Another Uwe Boll taking a video game and making it into a train wreck of a movie. But I did learn quite a few things.
1. If you’re the Bandit King (aka Burt Reynolds) then you get ninja bodyguards.
2. Orcs (or whatever the hell they are called in the movie) learn quickly that putting volunteers into catapults and firing them at the enemy is not a good tactic. You should light the volunteers on fire first.
3. A wizard’s daughter wouldn’t recognize if it suddenly appeared in her bedroom and seduced her.
4. If Shaggy is your nephew what possibly could entice you to heir the kingdom to him.
5. Watch out for farmers because around here they learn martial arts, boomerang-fu and sword-fu.
6. Elves (at least that’s what I think they were supposed to be) are aerialists.
7. Kings learn about agriculture but they don’t learn that if someone is shooting arrows at you. DUCK!
1. Jason Stratham hasn’t made a decent movie since Lock, Stock and Two Smoking Barrels.
2. Ron Pearlman and John Rhyss Davies are will cash a pay check from anybody. (Not faulting them just observing.)
I said Dungeons and Dragons 2: Wrath of the Dragon God would suck and it did. But if you apply game mechanics and player character philosophy this becomes a movie so bad that it is hilarious.
First, we have the hero’s wife. A young mage who is eager to join the Council of Mages. To exhibit her powers to the elder mages, she decides to cast a spell from a divine scroll. This spell is Mend. The explanation is that no one else can cast divine magic. Appears the clerics in the near by Temple of Obad-hai have been telling some white lies. Well, she fails. Of course she could have just taken a level of cleric or poured some skill points into Use Magical Device (as a non-class skill of course). Speaking of classes, we’re not quite sure what class her husband is. My personal opinion is that he has a couple levels of fighter and a couple of aristocrat. After all, he is currently working as the Royal Minister of Water and Sewer or some such other silliness. He could have been a bard since he spends most of the fights yelling orders at the others. We are clear on what the roles of the other characters are more often referred to by their classes rather than their names.

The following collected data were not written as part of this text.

text \<open>R is |D|^{-1}: the (unique) positive square root of (D^{-1})^2, i.e. the functional
calculus of lambda |-> 1/|lambda| (0 at 0).\<close>
definition is_absDinv :: "'h::chilbert set \<Rightarrow> ('h \<Rightarrow> 'h) \<Rightarrow> ('h \<Rightarrow> 'h) \<Rightarrow> ('h \<Rightarrow> 'h) \<Rightarrow> bool" where
  "is_absDinv domD D P0 R \<longleftrightarrow> (\<exists>T. is_Dinv domD D P0 T \<and> positive_op R \<and> R \<circ> R = T \<circ> T)"

end

theory Submission
  imports Defs
begin

text \<open>Write \<open>T = D\<^sup>-\<^sup>1\<close> and \<open>C = [D, a]\<close>. Splitting \<open>x = P0 x + D T x\<close> and using
  \<open>D P0 = 0 = P0 D\<close> gives \<open>[P0, a] = - P0 C T - T C P0\<close>. Since \<open>R = |D|\<^sup>-\<^sup>1\<close> and \<open>T\<close> are
  self-adjoint with \<open>R\<^sup>2 = T\<^sup>2\<close>, we have \<open>\<parallel>R x\<parallel> = \<parallel>T x\<parallel>\<close>. Hence \<open>R x \<mapsto> T x\<close> and
  \<open>T x \<mapsto> R x\<close> extend, by the identity on \<open>ker D\<close>, to mutually inverse isometries \<open>W\<close>
  and \<open>W'\<close> of the whole space; moreover \<open>R W' = T\<close>, as \<open>R W' T = R\<^sup>2 = T\<^sup>2\<close>. Now
  \<open>\<alpha>0 = - C W\<close> and \<open>\<beta>0 = - W' C\<close> work: composing with an isometry on the left, or
  with a unitary on the right, preserves the operator norm.\<close>

lemma scaleC_zero_right [simp]: "scaleC c (0::'h::chilbert) = 0"
  using scaleC_add_right [of c 0 0] by simp

lemma scaleC_minus_right: "scaleC c (- x) = - scaleC c (x::'h::chilbert)"
  using scaleC_add_right [of c x "- x"] by (simp add: eq_neg_iff_add_eq_0 add.commute)

lemma scaleC_diff_right: "scaleC c (x - y) = scaleC c x - scaleC c (y::'h::chilbert)"
  using scaleC_add_right [of c x "- y"] by (simp add: scaleC_minus_right)

lemma scaleC_minus_one [simp]: "scaleC (- 1) x = - (x::'h::chilbert)"
  using scaleC_of_real [of "- 1" x] by simp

Let us speak of other odd things. A rogue would never talk smack to the barbarian. And let us put forth the point that if the rogue saves the barbarian babe’s life and she says ”I’m forever in your debt.” You do not reply with ”You gave me a dagger so we’re even.” Even if the rogue isn’t after some wild warrior woman nookie, there other reasons to have the barbarian in your debt.
A party of adventures would never run away from a fight. Especially, they would never run away from bandits after killing a dragon. I’m not sure if this was because they were just afraid or what. The Hero decides that he and the rogue should stay safely in rear and figure out the puzzle lock while the Elf Wizard Chick and Barbarian Babe take care of the bandits. Translated roughly, ” We men will figure out this puzzle while you women folk you go fight the ruffians”.
They did have cleric in the party for a while. He died by being the first brave soul to face off with a dragon. He also ended up being freeze dried and then eaten by said dragon. He did manage to turn some undead and he was quite skilled in chopping down trees. With a hammer.
Speaking of undead, did I mention that the hero’s wife is cursed by the main villain. Yes, she is rotting from the inside. She is turning into an undead. The kindly head of the Council of Mages informs her of her sorry fate. He adds, ”At the first sign that you have turned, I’ll incinerate you.”
Speaking of the hero’s wife, she manage to harness the ancient powers of some weird sect. Let’s see it centers around the Four Elements and Nature Worship. So this strange new form of magic that safes the day is druid magic. OK, maybe druids are powerful if they are wielding the Dragon God Zapping Artifact. But other than that…
There are more little asides and notes that you can make on this movie but I want to save some of the fun for you. Sit down with your Player’s Handbook, DMG and Monster Manual and have a laugh that’s all this movie is good for.